AI Data Center Construction Surges 23%, Masking Contraction in Other U.S. Building Sectors
Miles Bennett
U.S. data-center construction spending jumped 23% year-on-year, yet factory building plunged 22% over the same period — AI infrastructure is papering over a broad slump across nearly every other segment of American construction.
How dominant is the data-center boom?
Data-center spending now accounts for 8% of total private non-residential construction, up 23% year-on-year.
Factory construction fell 22% in the same period, to an annualized $174 billion.
Anirban Basu, chief economist at the Associated Builders and Contractors, put it bluntly: "Beyond data centers, there is very little pushing construction forward."
This means → U.S. construction "growth" is standing on one leg — AI infrastructure — and that leg is dangerously narrow.
Why have factories stopped expanding?
The core issue is soaring costs. Non-residential building-material costs have risen over 55% since early 2020; steel and copper wire even more.

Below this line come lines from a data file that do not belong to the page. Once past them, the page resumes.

lemma exists_good_point_at_scale:
  assumes xi: "0 < \<xi>" and A: "0 < A" and tau: "0 < \<tau>" "\<tau> \<le> 1/64"
    and steep: "\<And>n. Nst < n \<Longrightarrow> 16 \<le> \<xi> * (1 + A) ^ (n - 1)"
    and steep_linear: "\<And>n. Nst < n \<Longrightarrow> 1 \<le> A * \<xi> * real n"
    and lag_growth: "8 \<le> \<tau> * (1 + A) ^ d"
    and lag_small: "34 * \<tau> * real d \<le> 1/4"
    and roots_small: "(\<Sum>n\<in>{1..Nst}. root_bound \<xi> \<eta> A \<tau> n) \<le> 1/8"
  shows "\<exists>e\<in>{A..2 * A}. \<forall>n. 1 \<le> n \<longrightarrow> \<tau> \<le> dist_int (geom \<xi> \<eta> n e)"
proof (rule exists_good_point_limit)
  fix N :: nat
  define X where "X = A * geom_deriv \<xi> N (2 * A)"
  have "0 \<le> X" unfolding X_def using A xi geom_deriv_nonneg[of \<xi> "2 * A" N] by simp
  obtain E :: nat where "26 / \<tau> \<le> 2 ^ E" using real_arch_pow[of 2 "26 / \<tau>"] by (auto intro: less_imp_le)
  then have E: "26 \<le> \<tau> * 2 ^ E" using tau by (simp add: field_simps)
  obtain F0 :: nat where "2 * (X + 5) / \<tau> \<le> 2 ^ F0"
    using real_arch_pow[of 2 "2 * (X + 5) / \<tau>"] by (auto intro: less_imp_le)
  then have F0: "2 * (X + 5) \<le> \<tau> * 2 ^ F0" using tau by (simp add: field_simps)
  interpret dyadic_scale \<xi> A \<tau> \<eta> N Nst d F0 E
  proof
    have "\<tau> * 2 ^ F0 \<le> \<tau> * 2 ^ (F0 + E)" using tau by (intro mult_left_mono power_increasing) auto
    then show "2 * (A * geom_deriv \<xi> N (2 * A) + 5) \<le> \<tau> * 2 ^ (F0 + E)"
      using F0 unfolding X_def by linarith
    show "A / 2 ^ F0 * geom_deriv \<xi> n (2 * A) \<le> \<tau>" if "n \<le> N" for n
    proof -
      have "A * geom_deriv \<xi> n (2 * A) \<le> X"
        unfolding X_def using that xi A by (intro mult_left_mono geom_deriv_mono_index) auto
      then show ?thesis using F0 \<open>0 \<le> X\<close> by (simp add: field_simps)
    qed
  qed (use assms E in auto)
  show "\<exists>e\<in>{A..2 * A}. \<forall>n. 1 \<le> n \<longrightarrow> n \<le> N \<longrightarrow> \<tau> \<le> dist_int (geom \<xi> \<eta> n e)"
    by (rule exists_good_point)
qed

section \<open>Choosing the scale\<close>

lemma card_le_twice_card_image:
  fixes z :: "nat \<Rightarrow> 'b"
  assumes "finite T"
    and collide: "\<And>s s'. s \<in> T \<Longrightarrow> s' \<in> T \<Longrightarrow> s < s' \<Longrightarrow> z s = z s' \<Longrightarrow> s' = s + 1"
  shows "card T \<le> 2 * card (z ` T)"
proof -
  have fibre: "card {s\<in>T. z s = w} \<le> 2" if "w \<in> z ` T" for w
  proof -
    let ?B = "{s\<in>T. z s = w}"
    define m where "m = Min ?B"
    have "finite ?B" "?B \<noteq> {}" using assms(1) that by auto
    then have m: "m \<in> ?B" "\<And>s. s \<in> ?B \<Longrightarrow> m \<le> s"
      unfolding m_def using Min_in Min_le by blast+
    have "?B \<subseteq> {m, m + 1}"
    proof
      fix s assume s: "s \<in> ?B"
      show "s \<in> {m, m + 1}"
      proof (cases "m = s")
        case False
        then have "m < s" using m(2)[OF s] by simp
        then show ?thesis using collide[of m s] m(1) s by auto
      qed simp
    qed
    then have "card ?B \<le> card {m, m + 1}" by (intro card_mono) auto
    also have "\<dots> \<le> 2" by (simp add: card_insert_if)
    finally show ?thesis .
  qed
  have "card T = card (\<Union>w\<in>z ` T. {s\<in>T. z s = w})" by (rule arg_cong[where f=card]) auto
  also have "\<dots> \<le> (\<Sum>w\<in>z ` T. card {s\<in>T. z s = w})" by (rule card_UN_le) (use assms(1) in simp)
  also have "\<dots> \<le> (\<Sum>w\<in>z ` T. 2)" by (rule sum_mono) (rule fibre)
  finally show ?thesis by simp
qed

A real case: Mitchell Metal Products, a Wisconsin stamping shop, spent $727,000 on a comparable expansion in 2018. Last autumn the lowest bid came in at $2.1 million — far above its $1.2 million budget — and the project was scrapped.
In plain terms = the same building now costs nearly three times what it did six years ago. Many mid-sized manufacturers simply cannot afford to build.
Who is buying up all the equipment?
Transformer prices have risen roughly 70% over five years.
Order backlogs on some electrical equipment now stretch beyond two years, lengthening timelines and inflating costs further.
Thomas Murphy, VP at Power & Construction Group near Rochester, N.Y., said: "Any available equipment in the U.S. gets snapped up immediately."
This means → data centers and solar projects are competing with traditional manufacturers for the same pool of equipment and materials — and traditional builders are losing.
Is policy helping or hurting?
The Trump administration scrapped the automotive electrification target, stalling EV-factory construction.
Some chip-fabrication plants have slowed due to skilled-labor shortages and cost overruns.
Tariff policy creates a double bind: it aims to lure manufacturers back to the U.S. by raising import costs, but it also raises domestic building-material prices.
In plain terms = tariffs make imports expensive so companies want to build locally — but the materials to build locally got expensive too. What the left hand offers, the right hand takes back.
How long can AI infrastructure carry the load alone?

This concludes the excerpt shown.